And this week, TikTok has provided some quick tips to help. Over on the TikTok blog, the platform has outlined a range of key notes and pointers which may help to clarify your TikTok posting approach.

Some of TikTok’s key tips of note are:

  • Go vertical – Vertical videos perform best on TikTok, as do videos that are longer than five seconds
  • Consider overall stats, don’t focus on Likes TikTok advises that creators should take note of high-level trends within their analytics rather than focusing on a single metric (such as likes or comments) from video to video
  • Recency is a factor – TikTok says that its ‘For You’ feed recommendations generally pull from videos posted within the last 90 days, while newly uploaded videos will generally see a peak in engagement soon after they’ve been published. As such, uploading new content regularly will increase your potential of maximizing your reach. “If viewers continue to find your video interesting, it will continue to be recommended”
  • Posting more won’t impact reach – Somewhat aligned to the previous point, TikTok also says that the amount of videos you post does not impact how your content is recommended in the For You feed. So, theoretically, if all of your videos were hits, you could dominate the For You feed by uploading lots of them – while conversely, this may also suggest that engagement with your past content is not a significant factor in future reach
  • Keep people watching – TikTok also says that watch time factors into how a video gets recommended, “so capturing viewers’ attention early and maintaining it throughout makes for watchable, shareable content”

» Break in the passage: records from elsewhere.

lemma corner_coeff_plcomm:
  "corner_coeff (plcomm (pvar 2) (pvar 1) k :: 'k::field ncpoly) = (-1) ^ k"
proof (induction k)
  case 0
  show ?case
    unfolding corner_coeff_def plcomm.simps ncpoly_supp_pvar by (simp add: pvar_def)
next
  case (Suc k)
  let ?p = "plcomm (pvar 2) (pvar 1) k :: 'k ncpoly"
  have "?p \<in> ncpoly_carrier 2"
    by (simp add: plcomm_pvar_in_ncpoly_carrier)
  then have "finite (ncpoly_supp (pmult ?p (pvar 1)))" "finite (ncpoly_supp (pmult (pvar 1) ?p))"
    by (simp_all add: ncpoly_carrier_iff ncpoly_supp_pmult_pvar_left ncpoly_supp_pmult_pvar_right)
  then have "corner_coeff (pcomm ?p (pvar 1)) =
      corner_coeff (pmult ?p (pvar 1)) - corner_coeff (pmult (pvar 1) ?p)"
    unfolding pcomm_def by (rule corner_coeff_pminus)
  also have "\<dots> = - corner_coeff ?p"
    using corner_coeff_pmult_pvar_right[of 1 ?p] corner_coeff_pmult_pvar1_left[of ?p] by simp
  finally show ?case
    using Suc.IH by simp
qed

theorem lemma3p5:
  fixes n m :: nat
  assumes "n \<ge> 2" and "m \<ge> 2"
  shows "\<not> is_PI_Fn n (f1 m :: 'k::field_char_0 ncpoly)"
proof
  assume "is_PI_Fn n (f1 m :: 'k ncpoly)"
  then have "psubst (id_subst n) (f1 m :: 'k ncpoly) \<in> TA"
    unfolding is_PI_Fn_def using id_subst_in_ncpoly_carrier by blast
  moreover have "(f1 m :: 'k ncpoly) \<in> ncpoly_carrier n"
    unfolding f1_def using assms(1) by (simp add: plcomm_pvar_in_ncpoly_carrier)
  ultimately have "(f1 m :: 'k ncpoly) \<in> TA"
    by (simp add: psubst_id_subst)
  then have "tri_eval unit_subst (f1 m :: 'k ncpoly) = tri_zero"
    by (simp add: TA_def unit_subst_in_tri_carrier)
  then have "corner_coeff (f1 m :: 'k ncpoly) = 0"
    unfolding tri_eval_unit_subst_corner[symmetric] by (simp add: tri_zero_def grass_zero_def)
  then show False
    unfolding f1_def corner_coeff_plcomm by simp
qed
(* Lebesgue-Stieltjes measure mu_g of the left-continuous nondecreasing g on [0,T],
   with mu_g([c,d)) = g d - g c.  g is extended constantly outside [0,T];
   mu_g is obtained by reflecting the (right-continuous) interval measure of
   s |-> - g(-s). *)
definition g_ext :: "(real \<Rightarrow> real) \<Rightarrow> real \<Rightarrow> real \<Rightarrow> real" where
  "g_ext g T t = g (max 0 (min T t))"

definition mu_g :: "(real \<Rightarrow> real) \<Rightarrow> real \<Rightarrow> real measure" where
  "mu_g g T = distr (interval_measure (\<lambda>s. - g_ext g T (- s))) borel uminus"

definition has_g_deriv :: "(real \<Rightarrow> real) \<Rightarrow> (real \<Rightarrow> real) \<Rightarrow> real \<Rightarrow> real \<Rightarrow> real \<Rightarrow> bool" where
  "has_g_deriv u g T t l \<longleftrightarrow>
     (if t \<in> Dg g T
      then (\<exists>L. (u \<longlongrightarrow> L) (at_right t)) \<and> l = djump u t / djump g t
      else ((\<lambda>s. (u s - u t) / (g s - g t)) \<longlongrightarrow> l)
             (at t within {s \<in> {0..T}. g s \<noteq> g t}))"

definition g_lipschitz_on :: "real set \<Rightarrow> (real \<Rightarrow> real) \<Rightarrow> real \<Rightarrow> (real \<Rightarrow> real) \<Rightarrow> bool" where
  "g_lipschitz_on S g H u \<longleftrightarrow> (\<forall>t\<in>S. \<forall>s\<in>S. \<bar>u t - u s\<bar> \<le> H * \<bar>g t - g s\<bar>)"

definition lipschitz_const_on :: "real set \<Rightarrow> real \<Rightarrow> (real \<Rightarrow> real) \<Rightarrow> bool" where
  "lipschitz_const_on S H u \<longleftrightarrow> (\<forall>t\<in>S. \<forall>s\<in>S. \<bar>u t - u s\<bar> \<le> H * \<bar>t - s\<bar>)"

definition g_continuous_on :: "real set \<Rightarrow> (real \<Rightarrow> real) \<Rightarrow> (real \<Rightarrow> real) \<Rightarrow> bool" where
  "g_continuous_on S g u \<longleftrightarrow>
     (\<forall>t0\<in>S. \<forall>\<epsilon>>0. \<exists>\<delta>>0. \<forall>t\<in>S. \<bar>g t - g t0\<bar> < \<delta> \<longrightarrow> \<bar>u t - u t0\<bar> < \<epsilon>)"

definition fplus :: "(real \<Rightarrow> real \<Rightarrow> real) \<Rightarrow> real \<Rightarrow> real \<Rightarrow> real" where
  "fplus f t c = rlim (\<lambda>s. f s c) t"

definition pc_h :: "real \<Rightarrow> nat \<Rightarrow> real" where
  "pc_h T N = T / real (Suc N)"

definition pc_t :: "real \<Rightarrow> nat \<Rightarrow> nat \<Rightarrow> real" where
  "pc_t T N k = real k * pc_h T N"

definition pc_xstar :: "(real \<Rightarrow> real) \<Rightarrow> (real \<Rightarrow> real \<Rightarrow> real) \<Rightarrow> (real \<Rightarrow> real) \<Rightarrow> real \<Rightarrow> nat \<Rightarrow> nat \<Rightarrow> real" where
  "pc_xstar g f x T N k =
     rlim x (pc_t T N k)
     + fplus f (pc_t T N k) (rlim x (pc_t T N k)) * (g (pc_t T N (Suc k)) - rlim g (pc_t T N k))"

definition pc_tau :: "(real \<Rightarrow> real) \<Rightarrow> (real \<Rightarrow> real \<Rightarrow> real) \<Rightarrow> (real \<Rightarrow> real) \<Rightarrow> real \<Rightarrow> nat \<Rightarrow> nat \<Rightarrow> real" where
  "pc_tau g f x T N j =
     (let k = j - 1 in
      x (pc_t T N (Suc k)) - rlim x (pc_t T N k)
      - (1/2) * (fplus f (pc_t T N k) (rlim x (pc_t T N k))
                 + f (pc_t T N (Suc k)) (pc_xstar g f x T N k))
              * (g (pc_t T N (Suc k)) - rlim g (pc_t T N k)))"

end

theory Submission
  imports Defs
begin

text \<open>
  On a step [t_k, t_(k+1)] of length h the open interval contains no jump of g, so by (H5) both g
  and F = f(., x(.)) are H-Lipschitz on (t_k, t_(k+1)]. Hence the mu_g-mass
  Delta = g(t_(k+1)) - g(t_k^+) of (t_k, t_(k+1)) is at most H h, and x_(k+1) - x_k^+ is the
  mu_g-integral of F over that interval. There F differs from the trapezoid value
  (F(t_k^+) + F(t_(k+1)))/2 by at most H h/2 and from F(t_k^+) = f(t_k^+, x_k^+) by at most H h.
  The first bound makes the trapezoid rule exact up to H h Delta/2; the second shows that the
  predictor misses x_(k+1) by at most H h Delta, which the K_2-Lipschitz continuity of
  f(t_(k+1), .) turns into a corrector error of at most K_2 H h Delta^2/2.
\<close>

lemma sets_mu_g [simp, measurable_cong]: "sets (mu_g g T) = sets borel"
  by (simp add: mu_g_def)

lemma space_mu_g [simp]: "space (mu_g g T) = UNIV"
  by (simp add: mu_g_def)

lemma g_ext_mono:
  assumes "mono_on {0..T} g" "0 \<le> T" "u \<le> v"
  shows "g_ext g T u \<le> g_ext g T v"
  unfolding g_ext_def using assms by (intro mono_onD[OF assms(1)]) auto

lemma g_ext_continuous_at_left:
  assumes "\<forall>t\<in>{0<..T}. continuous (at_left t) g"
  shows "continuous (at_left u) (g_ext g T)"
proof -
  consider "u \<le> 0" | "0 < u" "u \<le> T" | "T < u" by linarith
  then show ?thesis
  proof cases
    case 1
    then have "\<forall>\<^sub>F s in at_left u. g_ext g T s = g_ext g T u"
      by (auto simp: eventually_at_left_field g_ext_def intro!: exI[of _ "u - 1"])
    then show ?thesis
      unfolding continuous_within by (rule tendsto_eventually)
  next
    case 2
    then have "\<forall>\<^sub>F s in at_left u. g_ext g T s = g s"
      by (auto simp: eventually_at_left_field g_ext_def intro!: exI[of _ 0])
    moreover have "(g \<longlongrightarrow> g u) (at_left u)"
      using assms 2 by (auto simp: continuous_within)
    ultimately show ?thesis
      using 2 by (simp add: continuous_within tendsto_cong g_ext_def)
  next
    case 3
    then have "\<forall>\<^sub>F s in at_left u. g_ext g T s = g_ext g T u"
      by (auto simp: eventually_at_left_field g_ext_def intro!: exI[of _ T])
    then show ?thesis
      unfolding continuous_within by (rule tendsto_eventually)
  qed
qed

lemma emeasure_mu_g_Ico:
  assumes "mono_on {0..T} g" "\<forall>t\<in>{0<..T}. continuous (at_left t) g"
    and "0 \<le> c" "c \<le> d" "d \<le> T"
  shows "emeasure (mu_g g T) {c..<d} = ennreal (g d - g c)"
proof -
  define G where "G s = - g_ext g T (- s)" for s
  have G_mono: "G s \<le> G t" if "s \<le> t" for s t
    unfolding G_def using g_ext_mono[OF assms(1), of "-t" "-s"] assms that by simp
  have G_right_cont: "continuous (at_right s) G" for s
  proof -
    have "(g_ext g T \<longlongrightarrow> g_ext g T (- s)) (at_left (- s))"
      using g_ext_continuous_at_left[OF assms(2)] by (simp add: continuous_within)
    then have "((\<lambda>t. g_ext g T (- t)) \<longlongrightarrow> g_ext g T (- s)) (at_right s)"
      using at_left_minus[of "- s"] by (simp add: filterlim_filtermap o_def)
    then show ?thesis
      unfolding G_def continuous_within by (intro tendsto_intros) simp
  qed
  have "uminus -` {c..<d} \<inter> space (interval_measure G) = {-d<..-c}"
    by auto
  moreover have "uminus \<in> measurable (interval_measure G) borel"
    by (simp add: measurable_cong_sets[OF sets_interval_measure refl])
  ultimately have "emeasure (mu_g g T) {c..<d} = emeasure (interval_measure G) {-d<..-c}"
    unfolding mu_g_def G_def[abs_def, symmetric] by (subst emeasure_distr) auto
  also have "\<dots> = G (- c) - G (- d)"
    using assms by (intro emeasure_interval_measure_Ioc G_mono G_right_cont) auto
  also have "G (- c) - G (- d) = g d - g c"
    using assms unfolding G_def g_ext_def by simp
  finally show ?thesis .
qed

lemma emeasure_Ioo_le:
  fixes c d :: real
  assumes "sets M = sets borel" "c < d"
    and Ico_le: "\<And>e. c < e \<Longrightarrow> e < d \<Longrightarrow> emeasure M {e..<d} \<le> B"
  shows "emeasure M {c<..<d} \<le> B"
proof -
  define e where "e n = c + (d - c) / real (n + 2)" for n :: nat
  have e_inner: "c < e n" "e n < d" for n
  proof -
    have "(d - c) / real (n + 2) < (d - c) / 1"
      using \<open>c < d\<close> by (intro divide_strict_left_mono) auto
    then show "c < e n" "e n < d"
      using \<open>c < d\<close> by (simp_all add: e_def)
  qed
  have "incseq (\<lambda>n. {e n..<d})"
  proof (rule incseq_SucI)
    fix n
    have "(d - c) / real (Suc n + 2) \<le> (d - c) / real (n + 2)"
      using assms by (intro divide_left_mono) auto
    then have "e (Suc n) \<le> e n"
      by (simp add: e_def)
    then show "{e n..<d} \<subseteq> {e (Suc n)..<d}"
      by auto
  qed
  have "(\<Union>n. {e n..<d}) = {c<..<d}"
  proof
    show "(\<Union>n. {e n..<d}) \<subseteq> {c<..<d}"
    proof
      fix s assume "s \<in> (\<Union>n. {e n..<d})"
      then obtain n where "e n \<le> s" "s < d"
        by auto
      then show "s \<in> {c<..<d}"
        using e_inner(1)[of n] by auto
    qed
    show "{c<..<d} \<subseteq> (\<Union>n. {e n..<d})"
    proof
      fix s assume s: "s \<in> {c<..<d}"
      obtain n :: nat where "(d - c) / (s - c) < real n"
        using reals_Archimedean2 by blast
      then have "(d - c) / (s - c) < real (n + 2)"
        by simp
      then have "d - c < real (n + 2) * (s - c)"
        using s by (simp add: divide_less_eq)
      then have "(d - c) / real (n + 2) < s - c"
        by (subst pos_divide_less_eq) (auto simp: mult.commute)
      then have "e n < s"
        by (simp add: e_def)
      then show "s \<in> (\<Union>n. {e n..<d})"
        using s by (auto intro!: exI[of _ n])
    qed
  qed
  moreover have "(SUP n. emeasure M {e n..<d}) = emeasure M (\<Union>n. {e n..<d})"
  proof (rule SUP_emeasure_incseq[OF _ \<open>incseq (\<lambda>n. {e n..<d})\<close>])
    show "range (\<lambda>n. {e n..<d}) \<subseteq> sets M"
      unfolding assms(1) by auto
  qed
  ultimately have "emeasure M {c<..<d} = (SUP n. emeasure M {e n..<d})"
    by simp
  also have "\<dots> \<le> B"
    using e_inner by (intro SUP_least Ico_le)
  finally show ?thesis .
qed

And lastly, TikTok also notes that adding hashtags like #FYP, #ForYou, and #ForYouPage won’t help you get more views.

“Hashtags like #FYP, #ForYou, and #ForYouPage work just like all other hashtags on TikTok, so adding these to your caption won’t necessarily improve your chances of getting on someone’s For You feed. Instead, we recommend using the space in your caption to add context to your video along with hashtags that are relevant to your content.”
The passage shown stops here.